Task item: The response must contain the complete data, printed exactly.

Saved entries:

(* Let $T$ be a tree of order $n\geq 3$ and let $\mathcal{G}$ be an arbitrary Abelian group of order at least $5$. Then there exists a labeling $f\colon E(T)\to\mathcal{G}$ with $f(e)\neq 0$ for every edge $e$, $w_f(v)\neq 0$ for every vertex $v$, and $w_f(u)\neq w_f(v)$ for every edge $uv$.
   Context: $w_f(v)=\sum_{u\in N(v)}f(uv)$, the sum taken in $\mathcal{G}$; $0$ is the identity of $\mathcal{G}$. *)

theory Defs
  imports Main
begin

definition simple_graph :: "'a set \<Rightarrow> 'a set set \<Rightarrow> bool" where
  "simple_graph V E \<longleftrightarrow> finite V \<and> (\<forall>e\<in>E. card e = 2 \<and> e \<subseteq> V)"

definition is_walk :: "'a set set \<Rightarrow> 'a list \<Rightarrow> bool" where
  "is_walk E xs \<longleftrightarrow> xs \<noteq> [] \<and> (\<forall>i. Suc i < length xs \<longrightarrow> {xs ! i, xs ! Suc i} \<in> E)"

definition connected_graph :: "'a set \<Rightarrow> 'a set set \<Rightarrow> bool" where
  "connected_graph V E \<longleftrightarrow>
     (\<forall>u\<in>V. \<forall>v\<in>V. \<exists>xs. is_walk E xs \<and> hd xs = u \<and> last xs = v)"

definition is_cycle :: "'a set set \<Rightarrow> 'a list \<Rightarrow> bool" where
  "is_cycle E xs \<longleftrightarrow> length xs \<ge> 3 \<and> distinct xs \<and> is_walk E xs \<and> {last xs, hd xs} \<in> E"

definition acyclic_graph :: "'a set set \<Rightarrow> bool" where
  "acyclic_graph E \<longleftrightarrow> \<not> (\<exists>xs. is_cycle E xs)"

definition is_tree :: "'a set \<Rightarrow> 'a set set \<Rightarrow> bool" where
  "is_tree V E \<longleftrightarrow> simple_graph V E \<and> V \<noteq> {} \<and> connected_graph V E \<and> acyclic_graph E"

definition weight :: "'a set \<Rightarrow> 'a set set \<Rightarrow> ('a set \<Rightarrow> 'g::comm_monoid_add) \<Rightarrow> 'a \<Rightarrow> 'g" where
  "weight V E f v = (\<Sum>u\<in>{u\<in>V. {u, v} \<in> E}. f {u, v})"

end

theory Submission
  imports Defs
begin

(* Root the tree at r and strengthen the claim: suppose the tree hangs from a larger one by an
   extra edge at r labelled a, so that the weight of r is shifted by a, and the shifted weight of r
   must avoid a prescribed value c. If some neighbour x of r is not a leaf,
   delete the edge rx and give it a label y outside {0, -a, c - a}; label the side of r first
   (shift a + y, forbidden value c), then the side of x (shift y), forbidding at x the weight just
   obtained at r. Otherwise the tree is a star centred at r, labelled directly with leaf labels
   avoiding 0 and the weight of the centre. Each choice avoids at most four group elements,
   which is where the order of the group being at least 5 is used. *)

definition adj :: "'a set set \<Rightarrow> 'a \<Rightarrow> 'a \<Rightarrow> bool" where
  "adj E u v \<longleftrightarrow> {u, v} \<in> E"

lemma symp_adj: "symp (adj E)"
  by (simp add: symp_def adj_def insert_commute)

lemma adj_rtranclp_sym: "(adj E)\<^sup>*\<^sup>* u v \<Longrightarrow> (adj E)\<^sup>*\<^sup>* v u"
  by (rule sympD[OF symp_rtranclp[OF symp_adj]])

lemma successively_iff_nth:
  "successively P xs \<longleftrightarrow> (\<forall>i. Suc i < length xs \<longrightarrow> P (xs ! i) (xs ! Suc i))"
  by (induction P xs rule: successively.induct) (auto simp: less_Suc_eq_0_disj)

lemma is_walk_iff_successively: "is_walk E xs \<longleftrightarrow> xs \<noteq> [] \<and> successively (adj E) xs"
  by (simp add: is_walk_def successively_iff_nth adj_def)

lemma successively_rtranclp_hd_last:
  "successively P xs \<Longrightarrow> xs \<noteq> [] \<Longrightarrow> P\<^sup>*\<^sup>* (hd xs) (last xs)"
  by (induction P xs rule: successively.induct) (auto intro: converse_rtranclp_into_rtranclp)

lemma rtranclp_imp_distinct_successively:
  "P\<^sup>*\<^sup>* u v \<Longrightarrow> \<exists>xs. successively P xs \<and> distinct xs \<and> xs \<noteq> [] \<and> hd xs = u \<and> last xs = v"
proof (induction rule: converse_rtranclp_induct)
  case base
  show ?case by (intro exI[of _ "[v]"]) simp
next
  case (step u w)
  then obtain ys where ys: "successively P ys" "distinct ys" "ys \<noteq> []" "hd ys = w" "last ys = v"
    by blast
  show ?case
  proof (cases "u \<in> set ys")
    case True
    then obtain as bs where "ys = as @ u # bs" by (meson split_list)
    with ys show ?thesis
      by (intro exI[of _ "u # bs"]) (auto simp: successively_append_iff)
  next
    case False
    with ys step.hyps(1) show ?thesis
      by (intro exI[of _ "u # ys"]) (auto simp: successively_Cons)
  qed
qed

lemma connected_graph_iff_rtranclp:
  "connected_graph V E \<longleftrightarrow> (\<forall>u\<in>V. \<forall>v\<in>V. (adj E)\<^sup>*\<^sup>* u v)"
  unfolding connected_graph_def is_walk_iff_successively
  by (metis successively_rtranclp_hd_last rtranclp_imp_distinct_successively)

lemma acyclic_graph_subset: "acyclic_graph E \<Longrightarrow> E' \<subseteq> E \<Longrightarrow> acyclic_graph E'"
  unfolding acyclic_graph_def is_cycle_def is_walk_def by blast

lemma simple_graph_edge_neq: "simple_graph V E \<Longrightarrow> {u, v} \<in> E \<Longrightarrow> u \<noteq> v"
  unfolding simple_graph_def by force

lemma simple_graph_edge_vertices: "simple_graph V E \<Longrightarrow> {u, v} \<in> E \<Longrightarrow> u \<in> V \<and> v \<in> V"
  unfolding simple_graph_def by blast

lemma simple_graph_edgeE:
  assumes "simple_graph V E" "e \<in> E"
  obtains u v where "e = {u, v}" "u \<noteq> v"
  using assms unfolding simple_graph_def by (auto simp: card_2_iff)

lemma simple_graph_subset_edges: "simple_graph V E \<Longrightarrow> E' \<subseteq> E \<Longrightarrow> simple_graph V E'"
  unfolding simple_graph_def by blast

definition component :: "'a set set \<Rightarrow> 'a \<Rightarrow> 'a set" where
  "component E s = {v. (adj E)\<^sup>*\<^sup>* s v}"

lemma component_self [simp]: "s \<in> component E s"
  by (simp add: component_def)

lemma component_edge_closed: "{u, v} \<in> E \<Longrightarrow> u \<in> component E s \<Longrightarrow> v \<in> component E s"
  by (auto simp: component_def adj_def intro: rtranclp.rtrancl_into_rtrancl)

lemma component_subset:
  assumes "simple_graph V E" "s \<in> V"
  shows "component E s \<subseteq> V"
proof
  fix v assume "v \<in> component E s"
  then have "(adj E)\<^sup>*\<^sup>* s v" by (simp add: component_def)
  then show "v \<in> V"
    by induction (auto simp: adj_def assms(2) dest: simple_graph_edge_vertices[OF assms(1)])
qed

lemma rtranclp_adj_within_component:
  "(adj E)\<^sup>*\<^sup>* s v \<Longrightarrow> (adj {e\<in>E. e \<subseteq> component E s})\<^sup>*\<^sup>* s v"
proof (induction rule: rtranclp_induct)
  case (step y z)
  have yz: "{y, z} \<in> E" using step.hyps(2) by (simp add: adj_def)
  have y: "y \<in> component E s" using step.hyps(1) by (simp add: component_def)
  have "z \<in> component E s" using component_edge_closed[OF yz y] .
  with yz y have "adj {e\<in>E. e \<subseteq> component E s} y z" by (simp add: adj_def)
  with step.IH show ?case by (rule rtranclp.rtrancl_into_rtrancl)
qed simp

Solution for this exercise:
(* Let $T$ be a tree of order $n\geq 3$ and let $\mathcal{G}$ be an arbitrary Abelian group of order at least $5$. Then there exists a labeling $f\colon E(T)\to\mathcal{G}$ with $f(e)\neq 0$ for every edge $e$, $w_f(v)\neq 0$ for every vertex $v$, and $w_f(u)\neq w_f(v)$ for every edge $uv$.
   Context: $w_f(v)=\sum_{u\in N(v)}f(uv)$, the sum taken in $\mathcal{G}$; $0$ is the identity of $\mathcal{G}$. *)

theory Defs
  imports Main
begin

definition simple_graph :: "'a set \<Rightarrow> 'a set set \<Rightarrow> bool" where
  "simple_graph V E \<longleftrightarrow> finite V \<and> (\<forall>e\<in>E. card e = 2 \<and> e \<subseteq> V)"

definition is_walk :: "'a set set \<Rightarrow> 'a list \<Rightarrow> bool" where
  "is_walk E xs \<longleftrightarrow> xs \<noteq> [] \<and> (\<forall>i. Suc i < length xs \<longrightarrow> {xs ! i, xs ! Suc i} \<in> E)"

definition connected_graph :: "'a set \<Rightarrow> 'a set set \<Rightarrow> bool" where
  "connected_graph V E \<longleftrightarrow>
     (\<forall>u\<in>V. \<forall>v\<in>V. \<exists>xs. is_walk E xs \<and> hd xs = u \<and> last xs = v)"

definition is_cycle :: "'a set set \<Rightarrow> 'a list \<Rightarrow> bool" where
  "is_cycle E xs \<longleftrightarrow> length xs \<ge> 3 \<and> distinct xs \<and> is_walk E xs \<and> {last xs, hd xs} \<in> E"

definition acyclic_graph :: "'a set set \<Rightarrow> bool" where
  "acyclic_graph E \<longleftrightarrow> \<not> (\<exists>xs. is_cycle E xs)"

definition is_tree :: "'a set \<Rightarrow> 'a set set \<Rightarrow> bool" where
  "is_tree V E \<longleftrightarrow> simple_graph V E \<and> V \<noteq> {} \<and> connected_graph V E \<and> acyclic_graph E"

definition weight :: "'a set \<Rightarrow> 'a set set \<Rightarrow> ('a set \<Rightarrow> 'g::comm_monoid_add) \<Rightarrow> 'a \<Rightarrow> 'g" where
  "weight V E f v = (\<Sum>u\<in>{u\<in>V. {u, v} \<in> E}. f {u, v})"

end

theory Submission
  imports Defs
begin

(* Root the tree at r and strengthen the claim: suppose the tree hangs from a larger one by an
   extra edge at r labelled a, so that the weight of r is shifted by a, and the shifted weight of r
   must avoid a prescribed value c. If some neighbour x of r is not a leaf,
   delete the edge rx and give it a label y outside {0, -a, c - a}; label the side of r first
   (shift a + y, forbidden value c), then the side of x (shift y), forbidding at x the weight just
   obtained at r. Otherwise the tree is a star centred at r, labelled directly with leaf labels
   avoiding 0 and the weight of the centre. Each choice avoids at most four group elements,
   which is where the order of the group being at least 5 is used. *)

definition adj :: "'a set set \<Rightarrow> 'a \<Rightarrow> 'a \<Rightarrow> bool" where
  "adj E u v \<longleftrightarrow> {u, v} \<in> E"

lemma symp_adj: "symp (adj E)"
  by (simp add: symp_def adj_def insert_commute)

lemma adj_rtranclp_sym: "(adj E)\<^sup>*\<^sup>* u v \<Longrightarrow> (adj E)\<^sup>*\<^sup>* v u"
  by (rule sympD[OF symp_rtranclp[OF symp_adj]])

lemma successively_iff_nth:
  "successively P xs \<longleftrightarrow> (\<forall>i. Suc i < length xs \<longrightarrow> P (xs ! i) (xs ! Suc i))"
  by (induction P xs rule: successively.induct) (auto simp: less_Suc_eq_0_disj)

lemma is_walk_iff_successively: "is_walk E xs \<longleftrightarrow> xs \<noteq> [] \<and> successively (adj E) xs"
  by (simp add: is_walk_def successively_iff_nth adj_def)

lemma successively_rtranclp_hd_last:
  "successively P xs \<Longrightarrow> xs \<noteq> [] \<Longrightarrow> P\<^sup>*\<^sup>* (hd xs) (last xs)"
  by (induction P xs rule: successively.induct) (auto intro: converse_rtranclp_into_rtranclp)

lemma rtranclp_imp_distinct_successively:
  "P\<^sup>*\<^sup>* u v \<Longrightarrow> \<exists>xs. successively P xs \<and> distinct xs \<and> xs \<noteq> [] \<and> hd xs = u \<and> last xs = v"
proof (induction rule: converse_rtranclp_induct)
  case base
  show ?case by (intro exI[of _ "[v]"]) simp
next
  case (step u w)
  then obtain ys where ys: "successively P ys" "distinct ys" "ys \<noteq> []" "hd ys = w" "last ys = v"
    by blast
  show ?case
  proof (cases "u \<in> set ys")
    case True
    then obtain as bs where "ys = as @ u # bs" by (meson split_list)
    with ys show ?thesis
      by (intro exI[of _ "u # bs"]) (auto simp: successively_append_iff)
  next
    case False
    with ys step.hyps(1) show ?thesis
      by (intro exI[of _ "u # ys"]) (auto simp: successively_Cons)
  qed
qed

lemma connected_graph_iff_rtranclp:
  "connected_graph V E \<longleftrightarrow> (\<forall>u\<in>V. \<forall>v\<in>V. (adj E)\<^sup>*\<^sup>* u v)"
  unfolding connected_graph_def is_walk_iff_successively
  by (metis successively_rtranclp_hd_last rtranclp_imp_distinct_successively)

lemma acyclic_graph_subset: "acyclic_graph E \<Longrightarrow> E' \<subseteq> E \<Longrightarrow> acyclic_graph E'"
  unfolding acyclic_graph_def is_cycle_def is_walk_def by blast

lemma simple_graph_edge_neq: "simple_graph V E \<Longrightarrow> {u, v} \<in> E \<Longrightarrow> u \<noteq> v"
  unfolding simple_graph_def by force

lemma simple_graph_edge_vertices: "simple_graph V E \<Longrightarrow> {u, v} \<in> E \<Longrightarrow> u \<in> V \<and> v \<in> V"
  unfolding simple_graph_def by blast

lemma simple_graph_edgeE:
  assumes "simple_graph V E" "e \<in> E"
  obtains u v where "e = {u, v}" "u \<noteq> v"
  using assms unfolding simple_graph_def by (auto simp: card_2_iff)

lemma simple_graph_subset_edges: "simple_graph V E \<Longrightarrow> E' \<subseteq> E \<Longrightarrow> simple_graph V E'"
  unfolding simple_graph_def by blast

definition component :: "'a set set \<Rightarrow> 'a \<Rightarrow> 'a set" where
  "component E s = {v. (adj E)\<^sup>*\<^sup>* s v}"

lemma component_self [simp]: "s \<in> component E s"
  by (simp add: component_def)

lemma component_edge_closed: "{u, v} \<in> E \<Longrightarrow> u \<in> component E s \<Longrightarrow> v \<in> component E s"
  by (auto simp: component_def adj_def intro: rtranclp.rtrancl_into_rtrancl)

lemma component_subset:
  assumes "simple_graph V E" "s \<in> V"
  shows "component E s \<subseteq> V"
proof
  fix v assume "v \<in> component E s"
  then have "(adj E)\<^sup>*\<^sup>* s v" by (simp add: component_def)
  then show "v \<in> V"
    by induction (auto simp: adj_def assms(2) dest: simple_graph_edge_vertices[OF assms(1)])
qed

lemma rtranclp_adj_within_component:
  "(adj E)\<^sup>*\<^sup>* s v \<Longrightarrow> (adj {e\<in>E. e \<subseteq> component E s})\<^sup>*\<^sup>* s v"
proof (induction rule: rtranclp_induct)
  case (step y z)
  have yz: "{y, z} \<in> E" using step.hyps(2) by (simp add: adj_def)
  have y: "y \<in> component E s" using step.hyps(1) by (simp add: component_def)
  have "z \<in> component E s" using component_edge_closed[OF yz y] .
  with yz y have "adj {e\<in>E. e \<subseteq> component E s} y z" by (simp add: adj_def)
  with step.IH show ?case by (rule rtranclp.rtrancl_into_rtrancl)
qed simp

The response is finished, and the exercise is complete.